Workspace name: quick-starts-ws-142375
Azure region: southcentralus
Subscription id: d4ad7261-832d-46b2-b093-22156001df5b
Resource group: aml-quickstarts-142375


### Create or Attach an AmlCompute cluster
You will need to create a [compute target](https://docs.microsoft.com/azure/machine-learning/service/concept-azure-machine-learning-architecture#compute-target) for your run. 

In [3]:
from azureml.core.compute import ComputeTarget, AmlCompute
from azureml.core.compute_target import ComputeTargetException

# Choose a name for your CPU cluster
cpu_cluster_name = "cpucluster"

# Verify that cluster does not exist already
try:
    cpu_cluster = ComputeTarget(workspace=vrk_ids_ws, name=cpu_cluster_name)
    print('Found existing cluster, use it.')
except ComputeTargetException:
    compute_config = AmlCompute.provisioning_configuration(vm_size='STANDARD_D2_V2',
                                                           max_nodes=4)
    cpu_cluster = ComputeTarget.create(vrk_ids_ws, cpu_cluster_name, compute_config)
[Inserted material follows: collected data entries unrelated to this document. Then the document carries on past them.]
text \<open>The scalar factor is absorbed into the first tensor factor; this needs N \<ge> 1.\<close>

lemma product_state_of_unique_product_overlap:
  assumes N: "N \<ge> 1" and ONB: "orthonormal_basis N dims B \<psi>" and "finite B" "b' \<in> B"
    and u: "\<forall>a\<in>Idx N dims. u a = (\<Prod>i<N. k i (a i))"
    and orth: "\<forall>b\<in>B - {b'}. jinner N dims u (\<psi> b) = 0"
    and overlap: "jinner N dims u (\<psi> b') \<noteq> 0"
  shows "product_state N dims (\<psi> b')"
proof -
  obtain \<alpha> where \<alpha>: "\<forall>a\<in>Idx N dims. u a = (\<Sum>b\<in>B. \<alpha> b * \<psi> b a)"
    using ONB unfolding orthonormal_basis_def by blast
  have coeff: "jinner N dims u (\<psi> b) = cnj (\<alpha> b)" if "b \<in> B" for b
    using ONB \<open>finite B\<close> that \<alpha> unfolding orthonormal_basis_def
    by (intro jinner_orthonormal_expansion) auto
  have "\<alpha> b = 0" if "b \<in> B - {b'}" for b
    using coeff[of b] orth that by simp
  then have u_eq: "u a = \<alpha> b' * \<psi> b' a" if "a \<in> Idx N dims" for a
    using \<alpha> that \<open>finite B\<close> \<open>b' \<in> B\<close> by (simp add: sum.remove)
  have "\<alpha> b' \<noteq> 0"
    using coeff[OF \<open>b' \<in> B\<close>] overlap by simp
  define \<phi> where "\<phi> i x = k i x * (if i = 0 then inverse (\<alpha> b') else 1)" for i x
  have "\<psi> b' a = (\<Prod>i<N. \<phi> i (a i))" if "a \<in> Idx N dims" for a
    using N u_eq[OF that] u that \<open>\<alpha> b' \<noteq> 0\<close>
    by (simp add: \<phi>_def prod.distrib field_simps)
  then show ?thesis
    unfolding product_state_def by blast
qed

lemma trace_conj_by_ktensor_detects_product_state:
  assumes N: "N \<ge> 1" and ONB: "orthonormal_basis N dims B \<psi>" and "finite B" "b' \<in> B"
    and zero: "\<forall>b\<in>B - {b'}. trace_on J (conj_by N dims (ktensor N k) (proj (\<psi> b))) = 0"
    and nonzero: "trace_on J (conj_by N dims (ktensor N k) (proj (\<psi> b'))) \<noteq> 0"
  shows "product_state N dims (\<psi> b')"
proof -
  define row where "row j a = cnj (ktensor N k j a)" for j a
  define s where "s \<phi> = (\<Sum>j\<in>J. (cmod (jinner N dims (row j) \<phi>))\<^sup>2)" for \<phi>
  have tr: "trace_on J (conj_by N dims (ktensor N k) (proj \<phi>)) = complex_of_real (s \<phi>)" for \<phi>
    unfolding row_def s_def by (rule trace_on_conj_by_proj)
  have "s (\<psi> b') \<noteq> 0"
    using nonzero unfolding tr by simp
  then have "finite J"
    unfolding s_def by (meson sum.infinite)
  obtain j where "j \<in> J" and "(cmod (jinner N dims (row j) (\<psi> b')))\<^sup>2 \<noteq> 0"
    using \<open>s (\<psi> b') \<noteq> 0\<close> unfolding s_def by (meson sum.neutral)
  then have overlap: "jinner N dims (row j) (\<psi> b') \<noteq> 0"
    by simp
  have "jinner N dims (row j) (\<psi> b) = 0" if "b \<in> B - {b'}" for b
  proof -
    have "s (\<psi> b) = 0"
      using zero that unfolding tr by simp
    then show ?thesis
      using \<open>finite J\<close> \<open>j \<in> J\<close> unfolding s_def by (simp add: sum_nonneg_eq_0_iff)
  qed
  then show ?thesis
    using overlap
    by (intro product_state_of_unique_product_overlap[OF N ONB \<open>finite B\<close> \<open>b' \<in> B\<close>,
        where k = "\<lambda>i x. cnj (k i (j i) x)"]) (auto simp: row_def ktensor_def)
qed

lemma separable_map_detects_product_state:
  assumes f: "separable_map N dims f"
    and N: "N \<ge> 1" and ONB: "orthonormal_basis N dims B \<psi>" and "finite B" "b' \<in> B"
    and "\<forall>b\<in>B - {b'}. trace_on J (f (proj (\<psi> b))) = 0"
    and "trace_on J (f (proj (\<psi> b'))) \<noteq> 0"
  shows "product_state N dims (\<psi> b')"
  using f assms(6,7)
proof (induction rule: separable_map.induct)
  case zero
  then show ?case by (simp add: trace_on_def)
next
  case (kraus c k)
  then have "c \<noteq> 0"
    by (auto simp: trace_on_scale)
  with kraus.prems show ?case
    by (intro trace_conj_by_ktensor_detects_product_state[OF N ONB \<open>finite B\<close> \<open>b' \<in> B\<close>])
      (auto simp: trace_on_scale)
next
  case (add f g)
  have "trace_on J (f (proj (\<psi> b))) = 0 \<and> trace_on J (g (proj (\<psi> b))) = 0"
    if "b \<in> B - {b'}" for b
  proof -
    obtain r1 r2 where "r1 \<ge> 0" "r2 \<ge> 0"
      and "trace_on J (f (proj (\<psi> b))) = complex_of_real r1"
      and "trace_on J (g (proj (\<psi> b))) = complex_of_real r2"
      using separable_map_trace_proj_nonneg[OF add.hyps(1)]
        separable_map_trace_proj_nonneg[OF add.hyps(2)] by meson
    moreover have "trace_on J (f (proj (\<psi> b))) + trace_on J (g (proj (\<psi> b))) = 0"
      using add.prems(1) that unfolding trace_on_add by blast
    ultimately show ?thesis
      by (metis add_nonneg_eq_0_iff of_real_0 of_real_add of_real_eq_iff)
  qed
  moreover have "trace_on J (f (proj (\<psi> b'))) \<noteq> 0 \<or> trace_on J (g (proj (\<psi> b'))) \<noteq> 0"
    using add.prems(2) unfolding trace_on_add by auto
  ultimately show ?case
    using add.IH by blast
qed

lemma perfectly_distinguishes_imp_product_state:
  assumes N: "N \<ge> 1" and "finite B" and ONB: "orthonormal_basis N dims B \<psi>"
    and "locc_wf N dims P" and "perfectly_distinguishes N P B \<psi>" and "b' \<in> B"
  shows "product_state N dims (\<psi> b')"
proof -
  obtain f where f: "separable_map N dims f"
    and out: "\<And>\<rho>. locc_output N P \<rho> b' = trace_on (Idx N (qdim P (rounds P))) (f \<rho>)"
    using locc_output_separable[OF \<open>locc_wf N dims P\<close>] by blast
  show ?thesis
    using assms(5,6) unfolding perfectly_distinguishes_def
    by (intro separable_map_detects_product_state[OF f N ONB \<open>finite B\<close> \<open>b' \<in> B\<close>,
        where J = "Idx N (qdim P (rounds P))"])
      (auto simp: out[symmetric])
qed

definition sandwich :: "nat \<Rightarrow> (nat \<Rightarrow> nat) \<Rightarrow> jvec \<Rightarrow> jop \<Rightarrow> complex" where
  "sandwich N d u \<rho> = (\<Sum>j\<in>Idx N d. \<Sum>l\<in>Idx N d. cnj (u j) * \<rho> j l * u l)"

lemma sandwich_proj: "sandwich N d u (proj v) = jinner N d u v * cnj (jinner N d u v)"
  unfolding sandwich_def jinner_def proj_def cnj_sum
  by (simp add: sum_distrib_left sum_distrib_right mult_ac)

lemma sandwich_id_op: "sandwich N d u id_op = jinner N d u u"
  unfolding sandwich_def jinner_def id_op_def
  by (intro sum.cong refl)
    (simp add: if_distrib[of "\<lambda>x. y * x" for y] if_distrib[of "\<lambda>x. x * y" for y] cong: if_cong)

text \<open>On outcome y < n party i applies the 1 \<times> dims i Kraus operator <\<Phi> (g y) i|; the
  result is b when every party reports the index of b in the enumeration g.\<close>

definition product_measurement ::
  "nat \<Rightarrow> (nat \<Rightarrow> nat) \<Rightarrow> nat \<Rightarrow> (nat \<Rightarrow> 'b) \<Rightarrow> ('b \<Rightarrow> nat \<Rightarrow> nat \<Rightarrow> complex) \<Rightarrow> 'b locc" where
  "product_measurement N dims n g \<Phi> = \<lparr>rounds = 1, qdim = (\<lambda>r i. if r = 0 then dims i else 1),
    nin = (\<lambda>r i. 1), nout = (\<lambda>r i. n), gop = (\<lambda>r c w. 1),
    instr = (\<lambda>r i y x. if y < n then [\<lambda>a m. cnj (\<Phi> (g y) i m)] else []),
    post = (\<lambda>b w. if w = (\<lambda>i\<in>{..<N}. the_inv_into {..<n} g b) then 1 else 0)\<rparr>"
cpu_cluster.wait_for_completion(show_output=True)

Found existing cluster, use it.
Succeeded
AmlCompute wait for completion finished

Minimum number of nodes requested have been provisioned


## Dataset

In [4]:
%%writefile conda_dependencies.yml

dependencies:
- python=3.6.2
- scikit-learn
- pip:
  - azureml-defaults

Overwriting conda_dependencies.yml


In [5]:
from azureml.core import Environment

sklearn_env = Environment.from_conda_specification(name='sklearn-env', file_path='./conda_dependencies.yml')

## Hyperdrive Configuration


RandomForestClassifier is used for binary classification for network data traffic. Data reading, cleaning, transformation and model training is performed by software engineer using pandas and scikit in NetworkdataClassifier.py. 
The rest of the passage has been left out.